**The input:**
lemma two_Max_residual_seq_le_length:
  assumes "length a = m" and "m \<le> Suc (length b)" and "even (sum_list (residual_seq a b))"
  shows "2 * Max (set (residual_seq a b)) \<le> length (residual_seq a b)"
proof (cases "Max (set (residual_seq a b)) \<le> 1")
  case True
  have "\<forall>x\<in>set (residual_seq a b). x = 1"
  proof
    fix x assume x: "x \<in> set (residual_seq a b)"
    have "x \<le> Max (set (residual_seq a b))"
      by (rule Max_ge[OF finite_set x])
    moreover have "x \<noteq> 0"
      using x by (simp add: set_residual_seq)
    ultimately show "x = 1"
      using True by simp
  qed
  moreover have "sum_list xs = length xs" if "\<forall>x\<in>set xs. x = 1" for xs :: "nat list"
    using that by (induction xs) auto
  ultimately have "sum_list (residual_seq a b) = length (residual_seq a b)"
    by blast
  then have "even (length (residual_seq a b))" and "length (residual_seq a b) \<noteq> 0"
    using assms(3) nonempty by simp_all
  then have "2 \<le> length (residual_seq a b)"
    by presburger
  then show ?thesis
    using True by simp
next
  case False
  have "0 \<notin> set b"
    using range by auto
  then have "length (residual_seq a b) = length (filter (\<lambda>x. 1 < x) a) + length b"
    by (rule length_residual_seq)
  moreover have "Max (set (residual_seq a b)) \<le> length (filter (\<lambda>x. 1 < x) a)"
    using False assms(1) by (intro Max_residual_seq_le_length_left) auto
  moreover have "Max (set (residual_seq a b)) \<le> length b"
    using assms(2) by (rule Max_residual_seq_le_length_right)
  ultimately show ?thesis
    by simp
qed

end

lemma full_sequence_mset_eq:
  assumes "full_sequence xs" and "mset ys = mset xs"
  shows "full_sequence ys"
  using assms unfolding full_sequence_def
  by (metis mset_eq_setD mset_zero_iff sum_mset_sum_list)

lemma Max_set_Cons_sorted_desc:
  assumes "sorted_wrt (\<ge>) (m # r)"
  shows "Max (set (m # r)) = m"
  using assms by (auto intro: Max_eqI)

lemma obtain_sorted_desc_Cons:
  fixes xs :: "'a::linorder list"
  assumes "xs \<noteq> []"
  obtains m r where "mset (m # r) = mset xs" and "sorted_wrt (\<ge>) (m # r)"
proof -
  obtain m r where s: "rev (sort xs) = m # r"
    using assms by (cases "rev (sort xs)") (auto dest: arg_cong[where f = length])
  then have "mset (m # r) = mset xs" and "sorted_wrt (\<ge>) (m # r)"
    by (simp_all add: sorted_wrt_rev flip: s)
  then show thesis
    by (rule that)
qed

**Aim of the exercise:** Check each line of the entries above for the string "moreover", and return those that contain it.

**Answer space:**
    moreover have "x \<noteq> 0"
  moreover have "sum_list xs = length xs" if "\<forall>x\<in>set xs. x = 1" for xs :: "nat list"
  moreover have "Max (set (residual_seq a b)) \<le> length (filter (\<lambda>x. 1 < x) a)"
  moreover have "Max (set (residual_seq a b)) \<le> length b"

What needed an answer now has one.